TASK GOAL: Exactly the lines from the beginning of the material to the line with "d = of_real" are to be repeated, both ends included.
###
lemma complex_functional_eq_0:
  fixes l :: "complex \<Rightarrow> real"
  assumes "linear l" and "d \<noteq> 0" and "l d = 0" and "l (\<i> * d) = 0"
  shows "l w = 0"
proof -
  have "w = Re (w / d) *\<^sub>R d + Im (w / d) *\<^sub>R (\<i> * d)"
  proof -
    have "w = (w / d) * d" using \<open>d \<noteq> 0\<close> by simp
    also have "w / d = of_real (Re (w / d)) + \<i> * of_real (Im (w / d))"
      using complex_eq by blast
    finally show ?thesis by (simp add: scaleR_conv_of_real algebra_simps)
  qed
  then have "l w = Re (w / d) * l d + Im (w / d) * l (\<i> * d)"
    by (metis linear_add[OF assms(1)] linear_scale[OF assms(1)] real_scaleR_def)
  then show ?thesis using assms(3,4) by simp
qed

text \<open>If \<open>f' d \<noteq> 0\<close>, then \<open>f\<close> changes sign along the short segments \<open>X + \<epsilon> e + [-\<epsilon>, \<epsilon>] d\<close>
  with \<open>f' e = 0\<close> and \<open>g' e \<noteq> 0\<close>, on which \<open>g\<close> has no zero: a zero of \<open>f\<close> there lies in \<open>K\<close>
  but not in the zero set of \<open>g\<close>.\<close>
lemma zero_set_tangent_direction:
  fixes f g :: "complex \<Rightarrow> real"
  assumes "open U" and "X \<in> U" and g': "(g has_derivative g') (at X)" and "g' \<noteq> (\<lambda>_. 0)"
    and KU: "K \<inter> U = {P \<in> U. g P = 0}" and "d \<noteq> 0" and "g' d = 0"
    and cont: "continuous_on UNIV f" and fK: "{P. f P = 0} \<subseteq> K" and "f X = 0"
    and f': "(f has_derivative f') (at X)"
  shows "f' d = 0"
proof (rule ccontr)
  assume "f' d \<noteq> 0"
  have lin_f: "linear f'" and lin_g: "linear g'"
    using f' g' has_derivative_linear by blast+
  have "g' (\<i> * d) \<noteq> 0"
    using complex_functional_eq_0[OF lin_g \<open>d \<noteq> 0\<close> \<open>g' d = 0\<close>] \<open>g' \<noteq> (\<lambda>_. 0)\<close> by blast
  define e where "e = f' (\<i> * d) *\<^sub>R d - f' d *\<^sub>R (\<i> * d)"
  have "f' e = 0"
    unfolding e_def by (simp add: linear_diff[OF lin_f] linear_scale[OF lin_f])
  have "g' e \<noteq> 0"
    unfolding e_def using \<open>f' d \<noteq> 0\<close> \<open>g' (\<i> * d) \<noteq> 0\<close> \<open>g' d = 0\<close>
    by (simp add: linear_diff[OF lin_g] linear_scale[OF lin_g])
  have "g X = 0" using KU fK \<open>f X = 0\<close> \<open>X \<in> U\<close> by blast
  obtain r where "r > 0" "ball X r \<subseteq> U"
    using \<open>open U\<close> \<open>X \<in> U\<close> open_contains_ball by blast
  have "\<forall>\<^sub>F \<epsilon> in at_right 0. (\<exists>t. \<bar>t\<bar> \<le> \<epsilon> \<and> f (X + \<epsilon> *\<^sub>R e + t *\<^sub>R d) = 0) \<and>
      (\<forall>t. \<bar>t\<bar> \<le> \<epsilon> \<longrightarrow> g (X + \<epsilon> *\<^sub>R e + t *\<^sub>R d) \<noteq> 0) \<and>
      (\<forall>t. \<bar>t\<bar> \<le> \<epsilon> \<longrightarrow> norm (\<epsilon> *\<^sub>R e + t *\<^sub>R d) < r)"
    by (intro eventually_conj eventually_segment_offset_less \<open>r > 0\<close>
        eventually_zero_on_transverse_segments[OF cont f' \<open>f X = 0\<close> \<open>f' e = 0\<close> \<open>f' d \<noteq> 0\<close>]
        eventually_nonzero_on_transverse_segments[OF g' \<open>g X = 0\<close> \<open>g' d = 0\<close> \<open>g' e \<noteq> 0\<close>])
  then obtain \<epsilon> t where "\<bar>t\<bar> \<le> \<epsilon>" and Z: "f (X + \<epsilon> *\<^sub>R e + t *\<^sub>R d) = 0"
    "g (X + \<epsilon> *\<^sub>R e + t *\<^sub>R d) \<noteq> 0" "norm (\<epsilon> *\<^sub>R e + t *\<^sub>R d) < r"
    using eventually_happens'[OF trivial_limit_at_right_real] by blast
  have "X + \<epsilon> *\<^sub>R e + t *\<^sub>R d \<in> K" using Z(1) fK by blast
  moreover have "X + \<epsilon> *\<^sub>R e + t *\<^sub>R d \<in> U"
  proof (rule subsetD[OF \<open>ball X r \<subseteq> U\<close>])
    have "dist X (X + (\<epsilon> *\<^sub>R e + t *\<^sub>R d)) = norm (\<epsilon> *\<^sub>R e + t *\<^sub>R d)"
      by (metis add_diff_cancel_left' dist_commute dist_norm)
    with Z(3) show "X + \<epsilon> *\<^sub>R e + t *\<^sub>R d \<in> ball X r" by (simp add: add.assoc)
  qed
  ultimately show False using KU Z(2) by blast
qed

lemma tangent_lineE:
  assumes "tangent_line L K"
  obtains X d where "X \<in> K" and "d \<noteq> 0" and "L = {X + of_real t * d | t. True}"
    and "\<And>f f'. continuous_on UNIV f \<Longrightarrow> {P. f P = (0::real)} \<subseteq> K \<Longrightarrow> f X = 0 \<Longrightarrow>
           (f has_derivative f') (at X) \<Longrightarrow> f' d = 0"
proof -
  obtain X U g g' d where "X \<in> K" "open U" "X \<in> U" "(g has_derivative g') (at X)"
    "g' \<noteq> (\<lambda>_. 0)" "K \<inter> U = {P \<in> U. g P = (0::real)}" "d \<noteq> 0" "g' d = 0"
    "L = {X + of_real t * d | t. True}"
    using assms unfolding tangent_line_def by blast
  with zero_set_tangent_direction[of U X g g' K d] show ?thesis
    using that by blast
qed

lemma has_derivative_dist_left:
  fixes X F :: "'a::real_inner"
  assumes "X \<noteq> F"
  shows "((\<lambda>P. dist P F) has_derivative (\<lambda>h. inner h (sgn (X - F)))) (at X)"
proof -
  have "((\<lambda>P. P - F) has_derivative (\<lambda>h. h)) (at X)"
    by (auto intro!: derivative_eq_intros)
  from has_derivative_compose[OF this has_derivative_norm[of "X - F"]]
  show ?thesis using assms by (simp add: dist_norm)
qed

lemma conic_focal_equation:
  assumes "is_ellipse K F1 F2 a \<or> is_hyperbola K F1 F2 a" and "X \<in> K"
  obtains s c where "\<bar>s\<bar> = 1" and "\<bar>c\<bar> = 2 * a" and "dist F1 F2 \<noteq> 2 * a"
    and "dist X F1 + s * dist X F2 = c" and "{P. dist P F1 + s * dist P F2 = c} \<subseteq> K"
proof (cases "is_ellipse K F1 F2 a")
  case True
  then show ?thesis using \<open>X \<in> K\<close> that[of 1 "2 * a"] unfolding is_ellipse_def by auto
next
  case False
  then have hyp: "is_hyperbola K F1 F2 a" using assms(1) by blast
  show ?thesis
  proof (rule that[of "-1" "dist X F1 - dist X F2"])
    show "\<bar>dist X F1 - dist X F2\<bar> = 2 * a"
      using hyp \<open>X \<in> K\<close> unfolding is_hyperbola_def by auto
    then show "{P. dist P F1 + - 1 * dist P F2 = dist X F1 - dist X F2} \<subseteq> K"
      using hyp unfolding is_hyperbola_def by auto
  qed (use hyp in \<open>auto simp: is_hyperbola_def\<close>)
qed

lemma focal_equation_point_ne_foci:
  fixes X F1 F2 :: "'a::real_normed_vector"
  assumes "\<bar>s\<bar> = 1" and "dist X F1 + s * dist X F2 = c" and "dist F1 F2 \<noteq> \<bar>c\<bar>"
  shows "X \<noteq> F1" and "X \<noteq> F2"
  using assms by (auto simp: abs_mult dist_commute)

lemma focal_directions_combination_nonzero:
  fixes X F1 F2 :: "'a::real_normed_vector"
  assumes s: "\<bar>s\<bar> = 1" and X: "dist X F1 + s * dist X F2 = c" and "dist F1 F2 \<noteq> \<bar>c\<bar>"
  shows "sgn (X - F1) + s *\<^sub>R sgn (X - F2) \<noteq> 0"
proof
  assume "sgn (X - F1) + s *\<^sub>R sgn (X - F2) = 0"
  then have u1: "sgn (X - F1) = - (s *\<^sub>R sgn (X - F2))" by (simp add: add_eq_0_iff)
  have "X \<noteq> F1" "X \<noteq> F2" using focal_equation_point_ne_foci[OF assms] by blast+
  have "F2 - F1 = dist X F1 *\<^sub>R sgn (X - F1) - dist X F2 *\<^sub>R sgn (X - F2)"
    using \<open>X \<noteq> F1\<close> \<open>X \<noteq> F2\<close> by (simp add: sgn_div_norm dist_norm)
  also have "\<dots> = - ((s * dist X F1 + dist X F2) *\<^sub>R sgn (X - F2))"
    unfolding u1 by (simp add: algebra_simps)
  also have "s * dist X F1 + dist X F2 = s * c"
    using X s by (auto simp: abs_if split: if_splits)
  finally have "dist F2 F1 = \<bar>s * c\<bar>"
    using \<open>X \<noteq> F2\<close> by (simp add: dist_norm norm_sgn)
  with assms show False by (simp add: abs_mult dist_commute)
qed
###
SOLVED EXERCISE:
lemma complex_functional_eq_0:
  fixes l :: "complex \<Rightarrow> real"
  assumes "linear l" and "d \<noteq> 0" and "l d = 0" and "l (\<i> * d) = 0"
  shows "l w = 0"
proof -
  have "w = Re (w / d) *\<^sub>R d + Im (w / d) *\<^sub>R (\<i> * d)"
  proof -
    have "w = (w / d) * d" using \<open>d \<noteq> 0\<close> by simp
    also have "w / d = of_real (Re (w / d)) + \<i> * of_real (Im (w / d))"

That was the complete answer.